Source data:
►

lemma group_alg_decomp:
  fixes f :: "'a \<Rightarrow> 'k::comm_ring_1"
  assumes "f \<in> group_alg G"
  shows "f = (\<Sum>g\<in>carrier G. scale (f g) (gbasis g))"
proof
  fix z
  have "(\<Sum>g\<in>carrier G. scale (f g) (gbasis g)) z = (\<Sum>g\<in>carrier G. if g = z then f g else 0)"
    unfolding sum_fun_apply by (intro sum.cong) (auto simp: gbasis_def)
  also have "\<dots> = f z" using assms finite_carrier by (simp add: group_alg_def)
  finally show "f z = (\<Sum>g\<in>carrier G. scale (f g) (gbasis g)) z" ..
qed

lemma lin_ext_gbasis:
  assumes "g \<in> carrier G"
  shows "lin_ext G B (gbasis g) = B g"
proof -
  have "lin_ext G B (gbasis g) = (\<Sum>h\<in>carrier G. if h = g then B h else 0)"
    unfolding lin_ext_def by (intro sum.cong) (auto simp: gbasis_def)
  also have "\<dots> = B g" using assms finite_carrier by simp
  finally show ?thesis .
qed

lemma conv_decomp:
  assumes "f \<in> group_alg G" and "h \<in> group_alg G"
  shows "conv G f h = (\<Sum>x\<in>carrier G. \<Sum>y\<in>carrier G. scale (f x * h y) (gbasis (x \<otimes> y)))"
proof -
  have "conv G f h = conv G (\<Sum>x\<in>carrier G. scale (f x) (gbasis x)) (\<Sum>y\<in>carrier G. scale (h y) (gbasis y))"
    using assms by (intro arg_cong2[where f = "conv G"] group_alg_decomp)
  also have "\<dots> = (\<Sum>x\<in>carrier G. \<Sum>y\<in>carrier G. scale (f x * h y) (gbasis (x \<otimes> y)))"
    by (simp add: conv_sum_sum conv_gbasis_gbasis)
  finally show ?thesis .
qed

lemma conv_assoc:
  assumes f: "f \<in> group_alg G" and g: "g \<in> group_alg G" and h: "h \<in> group_alg G"
  shows "conv G (conv G f g) h = conv G f (conv G g h)"
proof -
  have "conv G (conv G f g) h = conv G (\<Sum>x\<in>carrier G. \<Sum>y\<in>carrier G.
      scale (f x * g y) (gbasis (x \<otimes> y))) (\<Sum>w\<in>carrier G. scale (h w) (gbasis w))"
    using f g h by (intro arg_cong2[where f = "conv G"] conv_decomp group_alg_decomp)
  also have "\<dots> = (\<Sum>x\<in>carrier G. \<Sum>y\<in>carrier G. \<Sum>w\<in>carrier G.
      scale (h w * (f x * g y)) (gbasis (x \<otimes> y \<otimes> w)))"
    by (simp only: conv_sum_left)
      (simp add: conv_sum_right conv_scale_left conv_scale_right conv_gbasis_gbasis)
  also have "\<dots> = (\<Sum>x\<in>carrier G. \<Sum>y\<in>carrier G. \<Sum>w\<in>carrier G.
      scale (g y * h w * f x) (gbasis (x \<otimes> (y \<otimes> w))))"
    by (intro sum.cong refl) (simp add: m_assoc mult_ac)
  also have "\<dots> = conv G (\<Sum>x\<in>carrier G. scale (f x) (gbasis x)) (\<Sum>y\<in>carrier G.
      \<Sum>w\<in>carrier G. scale (g y * h w) (gbasis (y \<otimes> w)))"
    by (simp only: conv_sum_left)
      (simp add: conv_sum_right conv_scale_left conv_scale_right conv_gbasis_gbasis)
  also have "\<dots> = conv G f (conv G g h)"
    using f g h by (intro arg_cong2[where f = "conv G"] conv_decomp[symmetric] group_alg_decomp[symmetric])
  finally show ?thesis .
qed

◄

▶ **WHAT TO WORK ON**
Nothing but the lines from the one with "h = conv G f" through the last line of the data should appear; print them exactly.

▶ **TASK RESPONSE**
  shows "conv G (conv G f g) h = conv G f (conv G g h)"
proof -
  have "conv G (conv G f g) h = conv G (\<Sum>x\<in>carrier G. \<Sum>y\<in>carrier G.
      scale (f x * g y) (gbasis (x \<otimes> y))) (\<Sum>w\<in>carrier G. scale (h w) (gbasis w))"
    using f g h by (intro arg_cong2[where f = "conv G"] conv_decomp group_alg_decomp)
  also have "\<dots> = (\<Sum>x\<in>carrier G. \<Sum>y\<in>carrier G. \<Sum>w\<in>carrier G.
      scale (h w * (f x * g y)) (gbasis (x \<otimes> y \<otimes> w)))"
    by (simp only: conv_sum_left)
      (simp add: conv_sum_right conv_scale_left conv_scale_right conv_gbasis_gbasis)
  also have "\<dots> = (\<Sum>x\<in>carrier G. \<Sum>y\<in>carrier G. \<Sum>w\<in>carrier G.
      scale (g y * h w * f x) (gbasis (x \<otimes> (y \<otimes> w))))"
    by (intro sum.cong refl) (simp add: m_assoc mult_ac)
  also have "\<dots> = conv G (\<Sum>x\<in>carrier G. scale (f x) (gbasis x)) (\<Sum>y\<in>carrier G.
      \<Sum>w\<in>carrier G. scale (g y * h w) (gbasis (y \<otimes> w)))"
    by (simp only: conv_sum_left)
      (simp add: conv_sum_right conv_scale_left conv_scale_right conv_gbasis_gbasis)
  also have "\<dots> = conv G f (conv G g h)"
    using f g h by (intro arg_cong2[where f = "conv G"] conv_decomp[symmetric] group_alg_decomp[symmetric])
  finally show ?thesis .
qed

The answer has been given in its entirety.